CAPSICUM, BRINJAL AND POTATO CURRY

Capsicum, Brinjal and Potato Curry

CAPSICUM, BRINJAL AND POTATO CURRY

Serves 6

Time Required: 45 minutes

Ingredients

1/2 kg small Brinjals cut into halves,

3 potatoes peeled and chopped into quarters,

2 capsicums cut into quarters,

3 tablespoons coconut paste,
3 onions chopped,

2 tablespoons coriander leaves,

4 cloves,

6 or 8 whole pepper corns,

1 teaspoon cumin seeds,

½ teaspoon turmeric powder,

2 tablespoons chillie powder,

3 tablespoons tamarind juice,

3 tablespoons oil,

Salt to taste
Heat oil in a pan and fry the cloves, pepper corns and cumin seeds for a minute. Add the onions and sauté till golden brown. Add the brinjals, capsicums and potatoes and all the other ingredients and mix well. Add 2 cups of water and cook covered till the potatoes and brinjals are cooked. Simmer till the gravy thickens. Serve with rice or chapattis or rotis.

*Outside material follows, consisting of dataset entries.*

definition kron_mat :: "'a :: times mat \<Rightarrow> 'a mat \<Rightarrow> 'a mat" where
  "kron_mat A B = mat (dim_row A * dim_row B) (dim_col A * dim_col B)
     (\<lambda>(i,j). A $$ (i div dim_row B, j div dim_col B) * B $$ (i mod dim_row B, j mod dim_col B))"

text \<open>k-th canonical basis vector of R^n as an n x 1 column matrix (1-based index k).\<close>
definition unit_col :: "nat \<Rightarrow> nat \<Rightarrow> 'a :: {zero,one} mat" where
  "unit_col n k = mat n 1 (\<lambda>(i,j). if i = k - 1 then 1 else 0)"

definition append_cols_mat :: "'a :: zero mat \<Rightarrow> 'a mat \<Rightarrow> 'a mat" where
  "append_cols_mat A B = four_block_mat A B (0\<^sub>m 0 (dim_col A)) (0\<^sub>m 0 (dim_col B))"

definition block3_mat :: "'a :: zero mat \<Rightarrow> 'a mat \<Rightarrow> 'a mat \<Rightarrow> 'a mat \<Rightarrow> 'a mat \<Rightarrow> 'a mat
    \<Rightarrow> 'a mat \<Rightarrow> 'a mat \<Rightarrow> 'a mat \<Rightarrow> 'a mat" where
  "block3_mat A11 A12 A13 A21 A22 A23 A31 A32 A33 =
     four_block_mat (four_block_mat A11 A12 A21 A22) (A13 @\<^sub>r A23)
                    (append_cols_mat A31 A32) A33"

definition sub_block :: "'a mat \<Rightarrow> nat \<Rightarrow> nat \<Rightarrow> nat \<Rightarrow> nat \<Rightarrow> 'a mat" where
  "sub_block M r0 c0 nr nc = mat nr nc (\<lambda>(i,j). M $$ (i + r0, j + c0))"

definition inv_mat :: "'a :: semiring_1 mat \<Rightarrow> 'a mat" where
  "inv_mat A = (SOME B. B \<in> carrier_mat (dim_row A) (dim_row A) \<and> inverts_mat A B \<and> inverts_mat B A)"
(* Let $\Pi\subset\mathbb R^2$ be a convex polygon with vertex set $V=\{\mathbf v_1,\dots,\mathbf v_n\}$ ($n\ge3$, listed counterclockwise, all extreme points), and let $\delta$ be a chordal decomposition of $\Pi$ with triangle set $T_\delta$. Then for every $a\in\Pi$: (a) $\sum_{v\in V}\langle a|v\rangle_\delta=1$; (b) $a=\sum_{v\in V}\langle a|v\rangle_\delta\, v$.
   Context: A chord is a segment joining two vertices of $\Pi$ that are not adjacent on the boundary. A chordal decomposition $\delta$ is a set of $n-3$ pairwise non-crossing chords; they decompose $\Pi$ as a union of $n-2$ closed triangles (regions) whose vertices are vertices of $\Pi$; $T_\delta$ is the set of these triangles. For a triangle $\tau$ with vertices $u_0,u_1,u_2$ in counterclockwise order (indices mod 3), the areal coordinate function is $\langle x|u_i\rangle_\tau=A(u_{i-1},x,u_{i+1})/A(u_0,u_1,u_2)$ for $x\in\Pi$, where $A(\mathbf p,\mathbf q,\mathbf r)=\tfrac12\det[\mathbf q-\mathbf p,\mathbf r-\mathbf p]$. For a subset $X\subseteq\Pi$, $\mathds 1_X$ is its indicator function. Chordal coordinate function: for a vertex $v$, let $\tau_1,\dots,\tau_r$ be an enumeration of the triangles of $T_\delta$ containing $v$; set $F_0=0$ and $F_k=F_{k-1}+\mathds 1_{\tau_k}\cdot\langle\cdot|v\rangle_{\tau_k}-\mathds 1_{\tau_k\cap(\tau_1\cup\dots\cup\tau_{k-1})}\cdot\langle\cdot|v\rangle_{\tau_k}$ (pointwise operations on functions $\Pi\to\mathbb R$); then $\langle a|v\rangle_\delta=F_r(a)$. *)

theory Defs
  imports "HOL-Analysis.Analysis"
begin

type_synonym pt = "real \<times> real"

definition sarea :: "pt \<Rightarrow> pt \<Rightarrow> pt \<Rightarrow> real" where
  "sarea p q r = ((fst q - fst p) * (snd r - snd p) - (snd q - snd p) * (fst r - fst p)) / 2"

STUFFED SERPENT GOURD CURRY

STUFFED SERPENT GOURD OR SNAKE GOURD CURRY
This is a typical Anglo-Indian dish, where ground seasoned beef or lamb / mutton is stuffed in hallowed out segements of serpent gourd, then simmered in a slightly spiced gravy sauce. It goes well with either white steamed rice or ant flavoured rice. Tastes yummy
1 kg beef or mutton mince
1 medium sized snake gourd ( scrape it slightly)
3 medium sized onions chopped
3 large tomatoes pureed
½ cup coconut paste
A small bunch of coriander leaves chopped
2 teaspoons ginger garlic paste
3 teaspoons chilly powder
1 teaspoon spice powder
2 teaspoons coriander powder
½ teaspoon tumeric powder
Salt to taste
2 green chilies chopped
3 tablespoons oil.

Wash the snake gourd, remove the inside and cut into 2 inch pieces. Marinate the mince with a teaspoon of chilly powder, tumeric powder, a little salt and some chopped coriander leaves. In a pan heat the oil and fry the chopped onions till golden brown. Add the ginger garlic paste and sauté for some time. Add the chilly powder, coriander powder, spice powder, green chilies, coconut and salt and fry for a few minutes .Add the tomato puree and fry till the oil separates from the masala. Now add 2 cups of water and bring to boil. Meanwhile stuff the snake gourd rings with the marinated mince. Pack each ring tightly so that the mince does not fall out. Slowly drop the stuffed snake gourd pieces into the boiling curry and cook on low heat till the gravy is sufficiently thick and the mince is cooked. Garnish with chopped coriander leaves. Serve hot with coconut rice or plain rice.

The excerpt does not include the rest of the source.